Avantages, limites et risques spécifiques du sodium

Les bénéfices techniques à retenir

Le RNR-Na présente plusieurs avantages souvent mis en avant : maintien des neutrons rapides, transfert thermique performant, fonctionnement sans pression élevée, potentiel de fermeture du cycle et possibilité d’incinération des actinides mineurs. Sa forte inertie thermique peut aussi contribuer à mieux absorber certaines variations de puissance et à retarder des situations de surchauffe.

Ces atouts expliquent pourquoi la filière a accumulé un retour d’expérience important, avec plus de 450 années réacteur à l’échelle internationale. Ce chiffre ne signifie pas que tous les problèmes sont résolus, mais il montre que le sodium n’est pas une simple idée de laboratoire : des réacteurs ont réellement fonctionné, parfois pendant de longues périodes, dans plusieurs pays.

Le sodium réagit avec l’air et l’eau

La grande limite du sodium est chimique. Il peut brûler au contact de l’air et réagit vivement avec l’eau. Dans un réacteur, le scénario redouté n’est donc pas seulement nucléaire, il est aussi chimique. Une réaction sodium-eau, souvent abrégée RSE, peut se produire notamment au niveau des générateurs de vapeur si une fuite met en contact sodium et eau.

Pour cette raison, les RNR-Na utilisent des dispositifs de prévention et de mitigation : circuits intermédiaires, détection de fuite, atmosphères contrôlées, séparation physique des équipements, procédures d’intervention sur les feux de sodium, surveillance des aérosols et conception spécifique des générateurs de vapeur. La sûreté repose autant sur l’architecture que sur l’exploitation quotidienne.

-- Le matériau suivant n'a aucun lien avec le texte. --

lemma l2norm_apply_le:
  assumes "bounded_op T" "l2 \<xi>"
  shows "l2norm (T \<xi>) \<le> opnorm T * l2norm \<xi>"
proof (cases "l2norm \<xi> = 0")
  case True
  then show ?thesis
    using l2norm_eq_0[OF assms(2)] bounded_op_zero[OF assms(1)] by simp
next
  case False
  define n where "n = l2norm \<xi>"
  have n: "0 < n" using False l2norm_nonneg[of \<xi>] unfolding n_def by auto
  define \<zeta> where "\<zeta> = (\<lambda>h. complex_of_real (1 / n) * \<xi> h)"
  have \<zeta>: "l2 \<zeta>" "l2norm \<zeta> \<le> 1"
    using l2_mult[OF assms(2), of "complex_of_real (1 / n)"] n unfolding \<zeta>_def n_def
    by (auto simp: norm_divide)
  have "T \<xi> = (\<lambda>h. complex_of_real n * T \<zeta> h)"
    unfolding \<zeta>_def bounded_op_mult[OF assms] using n by auto
  then have "l2norm (T \<xi>) \<le> n * l2norm (T \<zeta>)"
    using l2_mult[OF bounded_op_l2[OF assms(1) \<zeta>(1)], of "complex_of_real n"] n by auto
  also have "\<dots> \<le> n * opnorm T"
    using l2norm_le_opnorm[OF assms(1) \<zeta>] n by auto
  finally show ?thesis unfolding n_def by (simp add: mult.commute)
qed

lemma bounded_op_diff:
  assumes "bounded_op A" "bounded_op B"
  shows "bounded_op (op_diff A B)"
proof (rule bounded_opI[where C="opnorm A + opnorm B"])
  fix \<xi> :: "'a vec" assume \<xi>: "l2 \<xi>"
  have "l2 (op_diff A B \<xi>) \<and> l2norm (op_diff A B \<xi>) \<le> l2norm (A \<xi>) + l2norm (B \<xi>)"
    unfolding op_diff_def
    using l2_diff[OF bounded_op_l2[OF assms(1) \<xi>] bounded_op_l2[OF assms(2) \<xi>]] .
  then show "l2 (op_diff A B \<xi>) \<and> l2norm (op_diff A B \<xi>) \<le> (opnorm A + opnorm B) * l2norm \<xi>"
    using l2norm_apply_le[OF assms(1) \<xi>] l2norm_apply_le[OF assms(2) \<xi>]
    by (simp add: algebra_simps)
next
  fix \<xi> \<eta> :: "'a vec" and c assume "l2 \<xi>" "l2 \<eta>"
  then show "op_diff A B (\<lambda>h. \<xi> h + c * \<eta> h) = (\<lambda>h. op_diff A B \<xi> h + c * op_diff A B \<eta> h)"
    using bounded_op_linear[OF assms(1)] bounded_op_linear[OF assms(2)]
    unfolding op_diff_def by (simp add: algebra_simps)
qed

lemma opnorm_mult_le:
  assumes "bounded_op T"
  shows "opnorm (\<lambda>\<xi> h. c * T \<xi> h) \<le> cmod c * opnorm T"
proof (rule opnorm_leI)
  fix \<xi> :: "'a vec" assume \<xi>: "l2 \<xi>"
  have "l2norm (\<lambda>h. c * T \<xi> h) \<le> cmod c * l2norm (T \<xi>)"
    using l2_mult[OF bounded_op_l2[OF assms \<xi>]] by auto
  also have "\<dots> \<le> cmod c * opnorm T * l2norm \<xi>"
    using l2norm_apply_le[OF assms \<xi>] by (simp add: mult_left_mono mult.assoc)
  finally show "l2norm (\<lambda>h. c * T \<xi> h) \<le> cmod c * opnorm T * l2norm \<xi>" .
qed (use opnorm_nonneg[OF assms] in auto)

lemma opnorm_triangle:
  assumes "bounded_op A" "bounded_op B" "bounded_op C"
  shows "opnorm (op_diff A C) \<le> opnorm (op_diff A B) + opnorm (op_diff B C)"
proof (rule opnorm_leI)
  fix \<xi> :: "'a vec" assume \<xi>: "l2 \<xi>"
  have AB: "bounded_op (op_diff A B)" and BC: "bounded_op (op_diff B C)"
    using bounded_op_diff assms by auto
  have "op_diff A C \<xi> = (\<lambda>h. op_diff A B \<xi> h + op_diff B C \<xi> h)"
    unfolding op_diff_def by auto
  then have "l2norm (op_diff A C \<xi>) \<le> l2norm (op_diff A B \<xi>) + l2norm (op_diff B C \<xi>)"
    using l2_add[OF bounded_op_l2[OF AB \<xi>] bounded_op_l2[OF BC \<xi>]] by auto
  then show "l2norm (op_diff A C \<xi>) \<le> (opnorm (op_diff A B) + opnorm (op_diff B C)) * l2norm \<xi>"
    using l2norm_apply_le[OF AB \<xi>] l2norm_apply_le[OF BC \<xi>] by (simp add: algebra_simps)
qed (use opnorm_nonneg[OF bounded_op_diff[OF assms(1,2)]]
        opnorm_nonneg[OF bounded_op_diff[OF assms(2,3)]] in simp)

On peut comparer l’exploitant d’un réacteur au sodium à une vigie sur un navire : le danger n’est pas toujours spectaculaire au départ, il peut apparaître comme un signal faible, une trace chimique, une variation de température, une pression anormale ou un bruit hydraulique discret. Dans cette filière, la sûreté ne consiste pas seulement à résister à un accident majeur, elle consiste à repérer très tôt la dérive minuscule qui pourrait devenir un événement. Cette culture de surveillance fine change la manière de concevoir l’instrumentation, les alarmes et même la formation des opérateurs.

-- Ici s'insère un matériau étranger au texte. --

lemma sqrt_expectation_relative_gap:
  fixes W :: "'w \<Rightarrow> real"
  assumes "prob_space M" and W_nonneg: "\<And>w. 0 \<le> W w"
    and W_int: "integrable M W" and W2_int: "integrable M (\<lambda>w. W w ^ 2)"
    and mean: "(\<integral>w. W w \<partial>M) = Q" and Q: "0 < Q"
    and second_moment: "(\<integral>w. W w ^ 2 \<partial>M) = Q^2 + V"
  shows "0 \<le> (sqrt Q - (\<integral>w. sqrt (W w) \<partial>M)) / sqrt Q"
    and "(sqrt Q - (\<integral>w. sqrt (W w) \<partial>M)) / sqrt Q \<le> V / (2 * Q^2)"
proof -
  interpret prob_space M by fact
  define R where "R = sqrt Q"
  have R: "0 < R" "R^2 = Q" unfolding R_def using Q by simp_all
  have sqrt_int: "integrable M (\<lambda>w. sqrt (W w))"
  proof (rule Bochner_Integration.integrable_bound)
    show "integrable M (\<lambda>w. (W w / 1 + 1) / 2)" using W_int by simp
    show "AE w in M. norm (sqrt (W w)) \<le> norm ((W w / 1 + 1) / 2)"
      using sqrt_le_tangent[OF W_nonneg zero_less_one] W_nonneg by auto
    show "(\<lambda>w. sqrt (W w)) \<in> borel_measurable M"
      using borel_measurable_integrable[OF W_int] by measurable
  qed
  have "(\<integral>w. sqrt (W w) \<partial>M) \<le> (\<integral>w. (W w / R + R) / 2 \<partial>M)"
    using sqrt_int W_int sqrt_le_tangent[OF W_nonneg R(1)] by (intro integral_mono) auto
  also have "\<dots> = R"
    using W_int mean R by (simp add: prob_space field_simps power2_eq_square)
  finally show "0 \<le> (sqrt Q - (\<integral>w. sqrt (W w) \<partial>M)) / sqrt Q"
    using R unfolding R_def by simp
  have "(3 * R^2 * Q - (Q^2 + V)) / (2 * R^3) = (\<integral>w. (3 * R^2 * W w - W w ^ 2) / (2 * R^3) \<partial>M)"
    using W_int W2_int mean second_moment by simp
  also have "\<dots> \<le> (\<integral>w. sqrt (W w) \<partial>M)"
    using sqrt_int W_int W2_int sqrt_ge_quadratic_minorant[OF W_nonneg R(1)]
    by (intro integral_mono) auto
  finally have "R - (\<integral>w. sqrt (W w) \<partial>M) \<le> R - (3 * R^2 * Q - (Q^2 + V)) / (2 * R^3)"
    by simp
  also have "\<dots> = V / (2 * Q^2) * R"
    using R by (simp add: field_simps power2_eq_square power3_eq_cube flip: R(2))
  finally show "(sqrt Q - (\<integral>w. sqrt (W w) \<partial>M)) / sqrt Q \<le> V / (2 * Q^2)"
    using R unfolding R_def by (simp add: divide_le_eq)
qed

LIRE AUSSI  TVA EDF à 20 % sur l’abonnement, les lignes de facture à vérifier

Projets, références et place dans la 4e génération

Des réacteurs historiques en France et ailleurs

La France a joué un rôle important dans cette filière avec Rapsodie, arrêté en 1983, puis Phénix, arrêté en 2009, et Superphénix, arrêté en 1997. Le projet Astrid, conçu comme démonstrateur technologique, a été arrêté en 2019. Ces expériences ont fourni des enseignements sur le comportement du sodium, les combustibles, les matériaux, la maintenance et l’acceptabilité industrielle.

À l’international, des références comme Monju au Japon, BN600 et BN800 en Russie, ainsi que des programmes en Chine, en Inde et aux États-Unis, montrent que la filière reste suivie. Les noms CFR600, CFR1000, BN-1200, TerraPower ou encore certains projets français comme Hexana et Otrera apparaissent dans le domaine des technologies rapides ou avancées, avec des niveaux de maturité très différents.

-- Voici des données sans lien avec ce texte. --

lemma codim_le_nonzero_codeword:
  fixes G :: "nat \<Rightarrow> nat \<Rightarrow> 'a::{finite,field}"
  assumes rank: "full_rank G k n" and "codim_le G k U t" and "t < k"
  obtains m i where "m \<in> kernel_on G k U" and "i \<in> {1..n}" and "codeword G k m i \<noteq> 0"
proof -
  have "CARD('a) ^ t * CARD('a) \<le> CARD('a) ^ k"
    using \<open>t < k\<close> card_UNIV_field_ge_2[where 'a='a]
    by (metis Suc_leI one_le_numeral order_trans power_Suc2 power_increasing)
  with \<open>codim_le G k U t\<close> have "CARD('a) ^ t * CARD('a) \<le> CARD('a) ^ t * card (kernel_on G k U)"
    unfolding codim_le_def by linarith
  then have "CARD('a) \<le> card (kernel_on G k U)"
    by simp
  then have "\<not> kernel_on G k U \<subseteq> {\<lambda>_. 0}"
    using card_UNIV_field_ge_2[where 'a='a] card_mono[of "{\<lambda>_. 0}" "kernel_on G k U"] by auto
  then obtain m r where m: "m \<in> kernel_on G k U" and "m r \<noteq> 0"
    by (auto simp: fun_eq_iff)
  moreover from m \<open>m r \<noteq> 0\<close> have "r < k"
    unfolding kernel_on_def messages_def using not_less by blast
  ultimately obtain i where "i \<in> {1..n}" "codeword G k m i \<noteq> 0"
    using rank unfolding full_rank_def by blast
  with m show thesis
    by (rule that)
qed

lemma min_dist_le_weight:
  assumes "i \<in> {1..n}" and "codeword G k m i \<noteq> 0"
  shows "min_dist G k n \<le> card {i \<in> {1..n}. codeword G k m i \<noteq> 0}"
proof -
  let ?D = "{card {i \<in> {1..n}. codeword G k m i \<noteq> 0} | m. \<exists>i\<in>{1..n}. codeword G k m i \<noteq> 0}"
  have "?D \<subseteq> {..n}"
  proof
    fix x assume "x \<in> ?D"
    then obtain m' where "x = card {i \<in> {1..n}. codeword G k m' i \<noteq> 0}"
      by blast
    moreover have "card {i \<in> {1..n}. codeword G k m' i \<noteq> 0} \<le> card {1..n}"
      by (rule card_mono) auto
    ultimately show "x \<in> {..n}"
      by simp
  qed
  then have "finite ?D"
    by (rule finite_subset) simp
  moreover have "card {i \<in> {1..n}. codeword G k m i \<noteq> 0} \<in> ?D"
    using assms by blast
  ultimately show ?thesis
    unfolding min_dist_def by (rule Min_le)
qed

Comparaison rapide avec d’autres filières

Filière Fluide principal Neutrons Point clé
Réacteur à eau légère Eau Thermiques Technologie dominante, mais faible valorisation de l’uranium 238
RNR-Na Sodium liquide Rapides Bon transfert thermique et potentiel de cycle fermé
Réacteur à sels fondus Sels liquides Selon conception Autre piste de 4e génération, avec chimie et matériaux spécifiques

Le réacteur rapide refroidi au sodium n’est donc ni une version améliorée d’un réacteur à eau, ni une solution universelle. C’est une filière cohérente pour des objectifs précis : exploiter les neutrons rapides, recycler davantage de matières nucléaires, produire de l’énergie à haute température et réduire certains inventaires d’actinides. Son avenir dépendra autant de ses performances techniques que de la capacité industrielle à maîtriser durablement le sodium, le combustible et le cycle associé.